* What you need to do *
Check every line below for the word "using" and copy the ones that have it.

[Collected data]
lemma ex_signed_sum_eq:
  assumes "2 * \<bar>r\<bar> \<le> int k * (int k + 1)"
  shows "\<exists>f. (\<forall>j\<in>{1..k}. f j \<in> {-1, 0, 1::int}) \<and> r = (\<Sum>j=1..k. int j * f j)"
  using assms
proof (induction k arbitrary: r)
  case 0
  then show ?case by simp
next
  case (Suc k)
  define \<sigma> where "\<sigma> = (if 2 * \<bar>r\<bar> \<le> int k * (int k + 1) then 0 else sgn r)"
  have "k = 0 \<or> int k + 1 \<le> int k * (int k + 1)" by (cases k) (auto simp: algebra_simps)
  then have "2 * \<bar>r - \<sigma> * (int k + 1)\<bar> \<le> int k * (int k + 1)"
    using Suc.prems unfolding \<sigma>_def by (auto simp: sgn_if abs_if algebra_simps)
  then obtain f where f: "\<forall>j\<in>{1..k}. f j \<in> {-1, 0, 1}"
    "r - \<sigma> * (int k + 1) = (\<Sum>j=1..k. int j * f j)"
    using Suc.IH by blast
  have "(\<Sum>j=1..Suc k. int j * (f(Suc k := \<sigma>)) j) = (\<Sum>j=1..k. int j * f j) + (int k + 1) * \<sigma>"
    by (auto intro!: sum.cong)
  then have "r = (\<Sum>j=1..Suc k. int j * (f(Suc k := \<sigma>)) j)"
    using f(2) by (simp add: algebra_simps)
  moreover have "\<forall>j\<in>{1..Suc k}. (f(Suc k := \<sigma>)) j \<in> {-1, 0, 1}"
    using f(1) by (auto simp: \<sigma>_def sgn_if)
  ultimately show ?case by blast
qed

definition pow_fun :: "('a \<Rightarrow> complex) \<Rightarrow> nat \<Rightarrow> 'a \<Rightarrow> complex" where
  "pow_fun a n = (\<lambda>x. a x ^ n)"

lemma character_pow_fun: "character a \<Longrightarrow> character (pow_fun a n)"
  unfolding character_def pow_fun_def by (simp add: power_mult_distrib norm_power)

* Solution to the exercise *
  using assms
    using Suc.prems unfolding \<sigma>_def by (auto simp: sgn_if abs_if algebra_simps)
    using Suc.IH by blast
    using f(2) by (simp add: algebra_simps)
    using f(1) by (auto simp: \<sigma>_def sgn_if)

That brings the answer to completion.